ある日、取材の途中でJR上野駅で電車を乗り換えようとしたら……

中央改札を出たところで行列ができているのを発見した。

不思議に思って近づいてみると、入手困難なことで知られる「あのパン」が売っていたのである。

・浅草のペリカンのパン

行列ができていたのは、JR上野駅の中央改札を出て左手のところにある「のもの」という東日本の名産品を売るお店。

わざわざ店の横にスペースを作って、パンを販売している。その行列はみるみるうちに伸びていく……。


それもそのはず。販売しているのは浅草・田原町の「ペリカン」のパンだったのだ!

ペリカンは老舗の人気パン店。昔から食パン、コッペパン、ロールパン、丸パンだけという硬派なラインナップなのだが、予約しないと買えないことで有名なのだ。



・日曜以外は入荷

上野の「のもの」でのペリカンのパンの販売は、平日・土曜・祝日の16時〜17時の間に入荷というスケジュール。

日曜(GW、お盆、年末年始)をのぞく毎日やっているらしい。


販売しているパンは

・食パン 1斤半 890円
・食パン 1斤 610円
・山型パン 780円
・小ロール 10個入 940円
・中ロール 5個入 720円

というラインナップ。


気をつけたいのは、本店で買うのとは値段が異なること。
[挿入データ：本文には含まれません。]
lemma conv_in_prob_iff_eventually:
  "conv_in_prob M U u \<longleftrightarrow>
    (\<forall>e>0. \<forall>\<epsilon>>0. eventually (\<lambda>n. measure M {x \<in> space M. e \<le> \<bar>U n x - u\<bar>} < \<epsilon>) sequentially)"
  by (simp add: conv_in_prob_def tendsto_iff dist_real_def)

lemma conv_in_probD:
  "conv_in_prob M U u \<Longrightarrow> e > 0 \<Longrightarrow> \<epsilon> > 0 \<Longrightarrow>
    eventually (\<lambda>n. measure M {x \<in> space M. e \<le> \<bar>U n x - u\<bar>} < \<epsilon>) sequentially"
  unfolding conv_in_prob_iff_eventually by blast

lemma (in prob_space) prob_le_subset_Un:
  assumes "A \<subseteq> B \<union> C" "B \<in> events" "C \<in> events"
  shows "prob A \<le> prob B + prob C"
proof (cases "A \<in> events")
  case True
  then have "prob A \<le> prob (B \<union> C)"
    using assms by (intro finite_measure_mono) auto
  also have "\<dots> \<le> prob B + prob C"
    using assms by (intro measure_Un_le) auto
  finally show ?thesis .
qed (simp add: measure_notin_sets)

lemma conv_in_prob_tendsto:
  assumes "f \<longlonglongrightarrow> u"
  shows "conv_in_prob M (\<lambda>n _. f n) u"
  unfolding conv_in_prob_iff_eventually
proof (intro allI impI)
  fix e \<epsilon> :: real assume "e > 0" "\<epsilon> > 0"
  show "eventually (\<lambda>n. measure M {x \<in> space M. e \<le> \<bar>f n - u\<bar>} < \<epsilon>) sequentially"
    using tendstoD[OF assms \<open>e > 0\<close>] by eventually_elim (simp add: dist_real_def \<open>\<epsilon> > 0\<close>)
qed
lemma exp_weights_round:
  fixes p loss :: "'a \<Rightarrow> real" and A :: "'a set" and k :: 'a and \<eta> \<eta>' :: real
  assumes A: "finite A" and k: "k \<in> A" and p: "\<And>i. i \<in> A \<Longrightarrow> p i > 0"
    and p_sum: "(\<Sum>i\<in>A. p i) = 1" and loss: "\<And>i. i \<in> A \<Longrightarrow> 0 \<le> loss i \<and> loss i \<le> 1"
    and \<eta>: "0 < \<eta>" "\<eta> \<le> \<eta>'"
  defines "w \<equiv> (\<lambda>j. p j powr (\<eta> / \<eta>') * exp (- \<eta> * loss j))"
  shows "(\<Sum>i\<in>A. p i * loss i) - loss k
         \<le> ln (card A * (w k / (\<Sum>i\<in>A. w i))) / \<eta> - ln (card A * p k) / \<eta>' + \<eta>' / 8"
proof -
  define \<rho> where "\<rho> = \<eta> / \<eta>'"
  define n where "n = real (card A)"
  define m where "m = (\<Sum>i\<in>A. p i * loss i)"
  define a where "a = (\<lambda>i. p i * exp (- \<eta>' * loss i))"
  define S where "S = (\<Sum>i\<in>A. a i)"
  define Z where "Z = (\<Sum>i\<in>A. w i)"
  have \<eta>': "\<eta>' > 0" using \<eta> by simp
  have \<rho>: "0 < \<rho>" "\<rho> \<le> 1" "\<rho> * \<eta>' = \<eta>" using \<eta> \<eta>' by (auto simp: \<rho>_def)
  have ne: "A \<noteq> {}" using k by auto
  have n: "n > 0" using A ne by (simp add: n_def card_gt_0_iff)
  have a: "a i > 0" if "i \<in> A" for i using p[OF that] by (simp add: a_def)
  have w_eq: "w i = a i powr \<rho>" if "i \<in> A" for i
  proof -
    have "exp (- \<eta>' * loss i) powr \<rho> = exp (- \<eta> * loss i)"
      using \<rho>(3) by (simp add: powr_def algebra_simps)
    thus ?thesis using p[OF that] by (simp add: w_def a_def \<rho>_def powr_mult)
  qed
  have w: "w i > 0" if "i \<in> A" for i using w_eq[OF that] a[OF that] by simp
  have S: "S > 0" unfolding S_def using A ne a by (intro sum_pos) auto
  have Z: "Z > 0" unfolding Z_def using A ne w by (intro sum_pos) auto
  have "Z \<le> S powr \<rho> * n powr (1 - \<rho>)"
    unfolding Z_def S_def n_def using sum_powr_le_card_powr[OF A ne a \<rho>(1,2)] w_eq by simp
  hence "ln Z \<le> ln (S powr \<rho> * n powr (1 - \<rho>))" using Z by simp
  also have "\<dots> = \<rho> * ln S + (1 - \<rho>) * ln n" using S n by (simp add: ln_mult)
  finally have lnZ: "ln Z \<le> \<rho> * ln S + (1 - \<rho>) * ln n" .
  have lnS: "ln S \<le> - \<eta>' * m + \<eta>'\<^sup>2 / 8"
    unfolding S_def a_def m_def using hoeffding_finite[OF A _ p_sum loss \<eta>'] p by (simp add: less_imp_le)
  have "ln (n * (w k / Z)) = ln n + \<rho> * ln (p k) - \<eta> * loss k - ln Z"
    using n w[OF k] Z p[OF k] by (simp add: w_def ln_mult ln_div \<rho>_def)
  also have "\<dots> \<ge> \<rho> * ln (n * p k) - \<eta> * loss k + \<eta> * m - \<eta> * \<eta>' / 8"
  proof -
    have "\<rho> * ln S \<le> \<rho> * (- \<eta>' * m + \<eta>'\<^sup>2 / 8)" using lnS \<rho> by simp
    also have "\<dots> = - \<eta> * m + \<eta> * \<eta>' / 8" using \<rho>(3) by (simp add: algebra_simps power2_eq_square)
    finally show ?thesis using lnZ n p[OF k] by (simp add: ln_mult algebra_simps)
  qed
  finally have "\<eta> * (m - loss k) \<le> ln (n * (w k / Z)) - \<rho> * ln (n * p k) + \<eta> * \<eta>' / 8"
    by (simp add: algebra_simps)
  hence "m - loss k \<le> (ln (n * (w k / Z)) - \<rho> * ln (n * p k) + \<eta> * \<eta>' / 8) / \<eta>"
    using \<eta> by (simp add: le_divide_eq mult.commute)
  also have "\<dots> = ln (n * (w k / Z)) / \<eta> - ln (n * p k) / \<eta>' + \<eta>' / 8"
    using \<eta> \<eta>' by (simp add: \<rho>_def diff_divide_distrib add_divide_distrib)
  finally show ?thesis by (simp add: m_def n_def Z_def)
qed
lemma quasi_copula_lipschitz:
  assumes "Q \<in> quasi_copulas n" "i \<le> i'" "j \<le> j'" "i' \<le> n" "j' \<le> n"
  shows "Q i' j' + i + j \<le> Q i j + i' + j'"
proof -
  have "Q i' j' + Q n j \<le> Q i' j + Q n j'" "Q i' j + Q i n \<le> Q i j + Q i' n"
    using quasi_copula_boundary_rectangle[OF assms(1), of i' n j j']
      quasi_copula_boundary_rectangle[OF assms(1), of i i' j n] assms by auto
  then show ?thesis
    using quasi_copula_boundary[OF assms(1)] assms by simp
qed

lemma quasi_copula_lower_bound:
  assumes "Q \<in> quasi_copulas n" "i \<le> n" "j \<le> n"
  shows "i + j \<le> Q i j + n"
  using quasi_copula_boundary_rectangle[OF assms(1), of i n j n]
    quasi_copula_boundary[OF assms(1)] assms by simp

lemma quasi_copula_le_min:
  assumes "Q \<in> quasi_copulas n" "i \<le> n" "j \<le> n"
  shows "Q i j \<le> min i j"
  using quasi_copula_mono[OF assms(1), of i n j j] quasi_copula_mono[OF assms(1), of i i j n]
    quasi_copula_boundary[OF assms(1)] assms by simp

lemma quasi_copulaI:
  assumes zero: "\<And>i j. n < i \<or> n < j \<Longrightarrow> Q i j = 0"
    and boundary: "\<And>i. i \<le> n \<Longrightarrow> Q i 0 = 0 \<and> Q 0 i = 0 \<and> Q i n = i \<and> Q n i = i"
    and mono: "\<And>i i' j j'. i \<le> i' \<Longrightarrow> j \<le> j' \<Longrightarrow> i' \<le> n \<Longrightarrow> j' \<le> n \<Longrightarrow> Q i j \<le> Q i' j'"
    and lipschitz: "\<And>i i' j j'. i \<le> i' \<Longrightarrow> j \<le> j' \<Longrightarrow> i' \<le> n \<Longrightarrow> j' \<le> n \<Longrightarrow>
                      Q i' j' + i + j \<le> Q i j + i' + j'"
  shows "Q \<in> quasi_copulas n"
  unfolding quasi_copulas_def
proof (intro CollectI conjI ballI allI impI)
  fix i j assume "i \<in> {0..n}" "j \<in> {0..n}"
  then show "Q i j \<in> {0..n}"
    using mono[of i n j n] boundary[of n] by auto
next
  fix k assume "k \<in> {0..n}"
  then show "\<exists>i\<in>{0..n}. \<exists>j\<in>{0..n}. Q i j = k"
    using boundary by (intro bexI[of _ k] bexI[of _ n]) auto
next
  fix i i' j j' assume range: "i \<in> {0..n}" "i' \<in> {0..n}" "j \<in> {0..n}" "j' \<in> {0..n}"
    and rect: "i \<le> i' \<and> j \<le> j' \<and> (i \<in> {0, n} \<or> i' \<in> {0, n} \<or> j \<in> {0, n} \<or> j' \<in> {0, n})"
  then consider "i = 0" | "i' = n" | "j = 0" | "j' = n" by auto
  then show "Q i j' + Q i' j \<le> Q i j + Q i' j'"
  proof cases
    case 1 then show ?thesis using boundary mono[of i' i' j j'] rect range by auto
  next
    case 2 then show ?thesis using boundary lipschitz[of i i j j'] rect range by auto
  next
    case 3 then show ?thesis using boundary mono[of i i' j' j'] rect range by auto
  next
    case 4 then show ?thesis using boundary lipschitz[of i i' j j] rect range by auto
  qed
qed (use zero boundary mono in auto)

lemma quasi_copulas_min_closed:
  assumes "P \<in> quasi_copulas n" "Q \<in> quasi_copulas n"
  shows "(\<lambda>i j. min (P i j) (Q i j)) \<in> quasi_copulas n"
proof (rule quasi_copulaI)
  fix i i' j j' :: nat assume "i \<le> i'" "j \<le> j'" "i' \<le> n" "j' \<le> n"
  then have "P i' j' + i + j \<le> P i j + i' + j'" "Q i' j' + i + j \<le> Q i j + i' + j'"
    using quasi_copula_lipschitz assms by blast+
  then show "min (P i' j') (Q i' j') + i + j \<le> min (P i j) (Q i j) + i' + j'"
    by linarith
next
  fix i i' j j' :: nat assume "i \<le> i'" "j \<le> j'" "i' \<le> n" "j' \<le> n"
  then show "min (P i j) (Q i j) \<le> min (P i' j') (Q i' j')"
    using quasi_copula_mono assms by (meson min.mono)
qed (use quasi_copula_zero_outside[OF assms(1)] quasi_copula_zero_outside[OF assms(2)]
      quasi_copula_boundary[OF assms(1)] quasi_copula_boundary[OF assms(2)] in auto)

lemma qle_antisym: "qle P Q \<Longrightarrow> qle Q P \<Longrightarrow> P = Q"
  unfolding qle_def by (intro ext antisym) auto

text \<open>A quasi-copula is non-decreasing and 1-Lipschitz in each argument, so
  Q i j \<le> Q (max i a) (max j b) \<le> Q a b + (i - a) + (j - b); together with Q i j \<le> min i j
  this bounds every quasi-copula with Q a b \<le> v by the function below.\<close>

definition greatest_qc_at :: "nat \<Rightarrow> nat \<Rightarrow> nat \<Rightarrow> nat \<Rightarrow> nat \<Rightarrow> nat \<Rightarrow> nat" where
  "greatest_qc_at n a b v i j =
     (if i \<le> n \<and> j \<le> n then min (min i j) (v + (i - a) + (j - b)) else 0)"

lemma greatest_qc_at_in_quasi_copulas:
  assumes "a \<le> n" "b \<le> n" "a + b \<le> v + n"
  shows "greatest_qc_at n a b v \<in> quasi_copulas n"
proof (rule quasi_copulaI)
  fix i i' j j' :: nat assume "i \<le> i'" "j \<le> j'" "i' \<le> n" "j' \<le> n"
  then show "greatest_qc_at n a b v i j \<le> greatest_qc_at n a b v i' j'"
    "greatest_qc_at n a b v i' j' + i + j \<le> greatest_qc_at n a b v i j + i' + j'"
    unfolding greatest_qc_at_def by (auto simp: min_def)
qed (use assms in \<open>auto simp: greatest_qc_at_def min_def\<close>)

lemma qle_greatest_qc_at:
  assumes "Q \<in> quasi_copulas n" "a \<le> n" "b \<le> n" "Q a b \<le> v"
  shows "qle Q (greatest_qc_at n a b v)"
  unfolding qle_def
proof (intro allI)
  fix i j
  show "Q i j \<le> greatest_qc_at n a b v i j"
  proof (cases "i \<le> n \<and> j \<le> n")
    case False
    then show ?thesis using quasi_copula_zero_outside[OF assms(1)] by auto
  next
    case True
    have "Q i j \<le> Q (max i a) (max j b)"
      using quasi_copula_mono[OF assms(1)] True assms by simp
    moreover have "Q (max i a) (max j b) + a + b \<le> Q a b + max i a + max j b"
      using quasi_copula_lipschitz[OF assms(1)] True assms by simp
    ultimately have "Q i j \<le> v + (i - a) + (j - b)"
      using assms(4) by linarith
    then show ?thesis
      using quasi_copula_le_min[OF assms(1)] True unfolding greatest_qc_at_def by simp
  qed
qed

lemma greatest_qc_at_apply:
  "a \<le> n \<Longrightarrow> b \<le> n \<Longrightarrow> greatest_qc_at n a b v a b = min (min a b) v"
  unfolding greatest_qc_at_def by simp

lemma greatest_qc_at_eq_top:
  assumes "min a b \<le> v"
  shows "greatest_qc_at n a b v = greatest_qc_at n n n n"
proof (intro ext)
  fix i j
  have "min (min i j) (v + (i - a) + (j - b)) = min i j"
    using assms by (cases "a \<le> b"; cases "i \<le> a"; cases "j \<le> b") (auto simp: min_def)
  then show "greatest_qc_at n a b v i j = greatest_qc_at n n n n i j"
    unfolding greatest_qc_at_def by (simp add: min_def)
qed

lemma is_max_in_quasi_copulas:
  "is_max_in (quasi_copulas n) qle (greatest_qc_at n n n n)"
proof (unfold is_max_in_def, intro conjI ballI)
  show "greatest_qc_at n n n n \<in> quasi_copulas n"
    by (rule greatest_qc_at_in_quasi_copulas) auto
  fix Q assume "Q \<in> quasi_copulas n"
  then show "qle Q (greatest_qc_at n n n n)"
    using quasi_copula_boundary(3)[of Q n n] by (intro qle_greatest_qc_at) auto
qed

lemma meet_irreducible_pointwise_Min:
  assumes irr: "meet_irreducible (quasi_copulas n) qle Q"
    and F: "finite F" "F \<noteq> {}" "F \<subseteq> quasi_copulas n" "\<forall>R\<in>F. qle Q R"
    and Q_eq: "Q = (\<lambda>i j. Min ((\<lambda>R. R i j) ` F))"
  shows "Q \<in> F"
proof -
  define inf_F where "inf_F F = (\<lambda>i j. Min ((\<lambda>R. R i j) ` F))" for F :: "(nat \<Rightarrow> nat \<Rightarrow> nat) set"
  have "inf_F F \<in> quasi_copulas n \<and> qle Q (inf_F F) \<and> (inf_F F = Q \<longrightarrow> Q \<in> F)"
    using F
  proof (induction F rule: finite_ne_induct)
    case (singleton R)
    then show ?case by (simp add: inf_F_def)
  next
    case (insert R F)
    then have IH: "inf_F F \<in> quasi_copulas n" "qle Q (inf_F F)" "inf_F F = Q \<longrightarrow> Q \<in> F"
      and R: "R \<in> quasi_copulas n" "qle Q R" by auto
    have inf_insert: "inf_F (insert R F) = (\<lambda>i j. min (R i j) (inf_F F i j))"
      unfolding inf_F_def using insert.hyps by (simp add: image_insert)
    have "Q \<in> insert R F" if eq: "inf_F (insert R F) = Q"
    proof -
      have "is_meet_in (quasi_copulas n) qle Q R (inf_F F)"
        using irr IH(2) R(2) unfolding is_meet_in_def meet_irreducible_def
        by (auto simp: eq[symmetric] inf_insert qle_def)
      then have "Q = R \<or> Q = inf_F F"
        using irr IH(1) R(1) unfolding meet_irreducible_def by blast
      then show ?thesis using IH(3) by auto
    qed
    moreover have "inf_F (insert R F) \<in> quasi_copulas n"
      unfolding inf_insert by (rule quasi_copulas_min_closed[OF R(1) IH(1)])
    moreover have "qle Q (inf_F (insert R F))"
      using IH(2) R(2) unfolding inf_insert qle_def by simp
    ultimately show ?case by blast
  qed
  then show ?thesis using Q_eq unfolding inf_F_def by blast
qed

lemma meet_irreducible_eq_greatest_qc_at:
  assumes Q: "Q \<in> quasi_copulas n" and irr: "meet_irreducible (quasi_copulas n) qle Q"
  obtains a b where "a \<le> n" "b \<le> n" "Q = greatest_qc_at n a b (Q a b)"
proof -
  define bound where "bound p = greatest_qc_at n (fst p) (snd p) (Q (fst p) (snd p))" for p
  define grid where "grid = {0..n} \<times> {0..n}"
  have bound_apply: "bound (i, j) i j = Q i j" if "i \<le> n" "j \<le> n" for i j
    using quasi_copula_le_min[OF Q that] that unfolding bound_def greatest_qc_at_def by simp
  have bound_outside: "bound (0, 0) i j = Q i j" if "\<not> (i \<le> n \<and> j \<le> n)" for i j
    using quasi_copula_zero_outside[OF Q] that unfolding bound_def greatest_qc_at_def by auto
  have in_qc: "bound ` grid \<subseteq> quasi_copulas n"
    using quasi_copula_lower_bound[OF Q]
    by (auto simp: bound_def grid_def intro!: greatest_qc_at_in_quasi_copulas)
  have above: "\<forall>R\<in>bound ` grid. qle Q R"
    by (auto simp: bound_def grid_def intro!: qle_greatest_qc_at[OF Q])
  have "Q = (\<lambda>i j. Min ((\<lambda>R. R i j) ` bound ` grid))"
  proof (intro ext antisym)
    fix i j
    show "Q i j \<le> Min ((\<lambda>R. R i j) ` bound ` grid)"
      using above by (auto simp: grid_def qle_def)
    have "(i, j) \<in> grid \<and> bound (i, j) i j = Q i j \<or> (0, 0) \<in> grid \<and> bound (0, 0) i j = Q i j"
      using bound_apply bound_outside unfolding grid_def by auto
    then show "Min ((\<lambda>R. R i j) ` bound ` grid) \<le> Q i j"
      unfolding grid_def by (force intro: Min_le_iff[THEN iffD2])
  qed
  then have "Q \<in> bound ` grid"
    using meet_irreducible_pointwise_Min[OF irr _ _ in_qc above] unfolding grid_def by simp
  then show ?thesis using that unfolding bound_def grid_def by auto
qed

lemma meet_irreducible_greatest_qc_at:
  assumes "a \<le> n" "b \<le> n" "a + b \<le> v + n" "v < min a b"
  shows "meet_irreducible (quasi_copulas n) qle (greatest_qc_at n a b v)"
  unfolding meet_irreducible_def
proof (intro conjI ballI impI)
  let ?Q = "greatest_qc_at n a b v"
  have Q_ab: "?Q a b = v"
    using greatest_qc_at_apply assms by simp
  show "?Q \<in> quasi_copulas n"
    using greatest_qc_at_in_quasi_copulas assms by simp
  show "\<not> is_max_in (quasi_copulas n) qle ?Q"
  proof
    assume "is_max_in (quasi_copulas n) qle ?Q"
    then have "greatest_qc_at n n n n a b \<le> v"
      using is_max_in_quasi_copulas Q_ab unfolding is_max_in_def qle_def by metis
    then show False
      using assms unfolding greatest_qc_at_def by simp
  qed
  fix P R assume P: "P \<in> quasi_copulas n" and R: "R \<in> quasi_copulas n"
    and meet: "is_meet_in (quasi_copulas n) qle ?Q P R"
  have "qle (\<lambda>i j. min (P i j) (R i j)) ?Q"
    using meet quasi_copulas_min_closed[OF P R] unfolding is_meet_in_def qle_def by auto
  then have "P a b \<le> v \<or> R a b \<le> v"
    using Q_ab unfolding qle_def by (metis min_le_iff_disj)
  then have "qle P ?Q \<or> qle R ?Q"
    using qle_greatest_qc_at[OF P] qle_greatest_qc_at[OF R] assms by blast
  then show "?Q = P \<or> ?Q = R"
    using meet qle_antisym unfolding is_meet_in_def by blast
qed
そして1家族2個までという個数制限があること。

田原町の本店までパンを取りに行く交通費や、予約せずに買えることを考えるとまあ多少割高でも仕方ないかなと思う。



・入荷数は多いよう

ちなみに、ものすごい行列ができていたので、すぐに売り切れるのかと思いきや、入荷数は多いよう。

店に置けるくらいの数になったら、店内に陳列されていた。

店員さんいわく、「ロールパンは比較的早く売り切れるが、それ以外は18時くらいまでは残っていることが多い」とのことだった。

行ける人が多い土曜や祝日は売り切れるのが早そうだけど、平日は会社帰りに、上野駅をのぞいてみるといいかもしれない。


実際にロールパンや食パンを食べてみると、しみじみと美味しい。甘みとか塩気が突出しているわけではないけれど、噛みしめるほどに美味しいのだ。

ペリカンは「毎日食べても飽きの来ない味」を目指しているということだったが、納得。これが毎日食べられたら幸せだろうなあ。

ライターのくせに、その美味しさを文章にするのは難しいと思うのは情けないが、ぜひとも実際に食べてみて、老舗の味を味わってほしい。

「渋谷で5時」ならぬ「上野で4時」が幸福の合言葉である。


参考リンク:のもの上野店
執筆:御花畑マリコ
Photo:RocketNews24.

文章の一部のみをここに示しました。